Mystery: How known and accepted magic and monsters are.

Innocence: How the population reacts to the heroes.

Carnage: How violent the game gets.

I love the concept and think back on that episode often*. I’ve long wanted to develop my own version that applied to fantasy RPGs better, or ideally all RPGs. It took almost 15 years, but I finally did. The GRIT Scale.

Again, full credit to Superhero Summit and its hosts, Victor Cantu and JJ Lanza. The GRIT Scale stands on the foundation laid by the COMIC Continuum.


G.R.I.T. stands for Graphic, Realism, Investment, and Technical.

Each letter represents an aspect of your campaign, which you assign a rating between 1 and 4. The higher the rating, the more of that aspect your players can expect in your game.


How descriptive will the violence in the game be?

  1. Abstract: Cuts don’t bleed, fire doesn’t burn, the consequences of weapons and magic is simply HP loss.
  2. Occasional: To drive home a point, a normally toothless action might be described with fangs.
  3. Representational: More or less as graphic as the dangerous lives of wizards and warriors fighting monsters would be.
  4. Exaggerated: Descriptions get indulgent, and aim to evoke reactions.

Violence plays a major role in most adventure RPGs, from common conflict resolution in most random encounters, to epic showdowns to conclude campaigns pitting the players against their mortal enemies. Pathfinder by default handles fights to the death with the casualness of a side scrolling video game.

But do the dead just blink out of existence as soon as they hit the ground? Or does blood flow with the impact of every blow?

Think of a 1 as how the X-Men animated series pilot handled Morph’s death. While the show was willing to kill off a character, the camera cuts away to Professor X and Jean Grey experiencing his death psychically from the safety of the X-Mansion.

Sticking with the animated super hero theme, Grit level 4 is Invincible. The animators go out of their way to illustrate the impact of every blow. The camera lingers on the horror high points. Scenes of violence illicit visceral reactions from the audience.


What role does the real world play in your game?

  1. Escapist: How we’d like the world to be.
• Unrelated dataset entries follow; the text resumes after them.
(* Let $d\ge2$, $j\in[d-1]$, $\bar{\mathbf p}$ a $j$-critical direction, $(\mathcal G_\tau)=(\mathcal G(n,\tau\bar{\mathbf p}))_\tau$ the associated process, and $\varepsilon>0$ a constant. Then with high probability, any copy $(K,C)$ of $M_{j,k}$ (for any $j\le k\le d$) which exists in $\mathcal G_\tau$ for any $\tau\ge\frac{\varepsilon}{\log n}$ can be extended to a copy $(K,C,w,a)$ of $\hat M_{j,k}$ in $\mathcal G_\tau$.
   Context: Whp = with probability tending to $1$ as $n\to\infty$. Process: for each $k\in[d]$ and each $(k+1)$-subset $K$ of $[n]$ sample independently $t_K$ uniform in $[0,1]$; $\tau_K=t_K/\bar p_k$ (infinite if $\bar p_k=0$); $\mathcal G_\tau$ is the complex of all singletons and all nonempty subsets of sets $K$ with $\tau_K\le\tau$. $j$-critical direction: $\bar{\mathbf p}$ is $j$-admissible if for each $1\le k\le d$ there are real constants $\bar\alpha_k,\bar\gamma_k$ and a function $\bar\beta_k(n)$ with $\bar p_k=\frac{\bar\alpha_k\log n+\bar\beta_k}{n^{k-j+\bar\gamma_k}}(k-j)!$ and (A1) at least one of $\bar\alpha_k,\bar\gamma_k$ zero, neither negative; (A2) if $\bar\alpha_k=0$ then $\bar\beta_k\equiv0$ or $\bar\beta_k>0$ with $\bar\beta_k=o(n^\varepsilon)$, $\bar\beta_k=\omega(n^{-\varepsilon})$ for every constant $\varepsilon>0$; (A3) if $\bar\gamma_k=0$ then $|\bar\beta_k|=o(\log n)$; (A4) some $k\in\{j+1,\dots,d\}$ has $\bar\alpha_k>0$. For $j\le k\le d$, $\bar p_k\ne0$: $\bar\lambda_k=j+1-\bar\gamma_k-(k-j+1)\sum_{i=j+1}^d\bar\alpha_i$; $\bar\mu_k=-(k-j+1)\sum_{i=j+1}^d\bar\beta_i/n^{\bar\gamma_i}$ plus $0$ if $\bar p_k>1$, $\log\log n$ if $\bar p_k\le1,\bar\alpha_k\ne0$, $\log\bar\beta_k$ if $\bar p_k\le1,\bar\alpha_k=0$; $\bar\nu_k=-\log((j+1)!)$ if $k=j$, $-\log(j!)-\log(k-j+1)+\log\bar\alpha_k$ if $k\ne j,\bar\alpha_k\ne0$, $-\log(j!)-\log(k-j+1)$ otherwise. $j$-critical: $j$-admissible with $\bar\lambda_k\log n+\bar\mu_k+\bar\nu_k\le0$ for all such $k$ and equality for some $k$. Copies: a $(j+2)$-set is a $j$-shell if all its $(j+1)$-subsets are $j$-simplices. For $j+1\le k\le d$, $(K,C)$ is a copy of $M_{j,k}$ if $K$ is a $k$-simplex, $C\subset K$, $|C|=j$, and every simplex containing some $C\cup\{x\}$ ($x\in K\setminus C$) lies in $K$; $(K,C,w,a)$ is a copy of $\hat M_{j,k}$ if moreover $w\in K\setminus C$, $a\in[n]\setminus K$ and $C\cup\{w,a\}$ is a $j$-shell. For $k=j$: $(K,C)$ is a copy of $M_{j,j}$ if $K$ is an isolated $j$-simplex (in no other simplex) and $C$ is its first $j$ vertices in increasing order; $(K,C,w,a)$ is a copy of $\hat M_{j,j}$ if moreover $w$ is the last vertex of $K$ and $a\notin K$ with $K\cup\{a\}$ a $j$-shell. *)

theory Defs
  imports "HOL-Probability.Probability" "HOL-Library.Landau_Symbols"
begin
lemma indep_set_iff_no_shift:
  "indep_set S A \<longleftrightarrow> (\<forall>x\<in>A. \<forall>d\<in>S. d \<noteq> 0 \<longrightarrow> x + int d \<notin> A)"
proof
  assume "indep_set S A"
  then show "\<forall>x\<in>A. \<forall>d\<in>S. d \<noteq> 0 \<longrightarrow> x + int d \<notin> A"
    unfolding indep_set_def dist_adj_def by force
next
  assume no_shift: "\<forall>x\<in>A. \<forall>d\<in>S. d \<noteq> 0 \<longrightarrow> x + int d \<notin> A"
  show "indep_set S A"
    unfolding indep_set_def dist_adj_def
  proof (intro ballI notI)
    fix x y assume "x \<in> A" "y \<in> A" and adj: "nat \<bar>x - y\<bar> \<in> S \<and> x \<noteq> y"
    define d where "d = nat \<bar>x - y\<bar>"
    have "d \<in> S" "d \<noteq> 0"
      using adj by (auto simp: d_def)
    moreover have "x + int d = y \<or> y + int d = x"
      by (cases "x \<le> y") (auto simp: d_def)
    ultimately show False
      using no_shift \<open>x \<in> A\<close> \<open>y \<in> A\<close> by metis
  qed
qed

lemma card_indep_Int_pairs_le:
  assumes "indep_set S A" and "1 \<in> S"
  shows "card (A \<inter> {a ..< a + int n * 2}) \<le> n"
proof -
  have pair: "card (A \<inter> {b ..< b + 2}) \<le> 1" for b
  proof -
    have "b \<notin> A \<or> b + int 1 \<notin> A"
      using assms unfolding indep_set_iff_no_shift by blast
    moreover have "{b ..< b + 2} = {b, b + 1}"
      by auto
    ultimately show ?thesis
      by (auto simp: Int_insert_right)
  qed
  have "card (A \<inter> {a ..< a + int n * 2}) = (\<Sum>j<n. card (A \<inter> {a + int j * 2 ..< a + int j * 2 + 2}))"
    using card_Int_consecutive_blocks[of A a n 2] by simp
  also have "\<dots> \<le> n"
    using sum_mono[of "{..<n}", OF pair] by simp
  finally show ?thesis .
qed

lemma card_indep_Int_window_le:
  assumes "indep_set S A" and "1 \<in> S" and "2 * i \<in> S" and "i \<ge> 1"
  shows "card (A \<inter> {a ..< a + int (2 * i + 1)}) \<le> i"
proof (cases "a \<in> A")
  case True
  moreover have "2 * i \<noteq> 0"
    using assms(4) by simp
  ultimately have "a + int (2 * i) \<notin> A"
    using assms(1,3) unfolding indep_set_iff_no_shift by blast
  then have "A \<inter> {a ..< a + int (2 * i + 1)} \<subseteq> A \<inter> {a ..< a + int i * 2}"
    by (auto simp: less_le mult.commute)
  then show ?thesis
    using card_indep_Int_pairs_le[OF assms(1,2)] by (meson card_mono finite_Int finite_atLeastLessThan_int le_trans)
next
  case False
  then have "A \<inter> {a ..< a + int (2 * i + 1)} \<subseteq> A \<inter> {a + 1 ..< a + 1 + int i * 2}"
    by (auto simp: le_less)
  then show ?thesis
    using card_indep_Int_pairs_le[OF assms(1,2)] by (meson card_mono finite_Int finite_atLeastLessThan_int le_trans)
qed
Evil is easy to spot and we solve our problems by killing them.
  2. Gamified: There is room to explore realistic topics and themes, but you can also kill a roomful of goons without thinking about the families who just lost a loved one because rolling dice is fun and mooks is an action trope.
  3. Grounded: There is a sense of consequence to your actions, and psychological and sociological arguments can win out in rules disputes.
  4. Analogous: The game is an opportunity to explore life’s truths.

How your group deals with the goblin baby thought experiment shows what level of realism they’re looking for. In case you’re unaware, the goblin baby thought experiment asks if its right for PCs to kill a goblin baby. Would that baby grow up to be evil, because the campaign material says all goblins are evil (well, not anymore, thanks in part to the goblin baby thought experiment).

Players looking for a Realism 1 game don’t even want to be asked what they would do with a goblin baby. They are OK wiping out a goblin tribe, and they won’t question why -and actually prefer that- the entire village be able-bodied adults with no family or friends.

Players looking for a Realism 4 game, on the other hand, might relish the opportunity to adopt an goblin orphan and raise it themselves. Is it to save the baby goblin from the influence of an evil culture, or reparations for how the goblins get written off as evil and killed without hesitation. The game is equally


How engaged do your players need to be?

  1. Casual: Everyone is here for a good time, if not a long time.
  2. Steady: Try to play regularly, but some effort into the characters and campaign.
  3. Committed: The campaign and its characters play a pivotal role in your social life.
  4. Soulmates: You know each other’s characters better than you know the players. And you are OK keeping it that way.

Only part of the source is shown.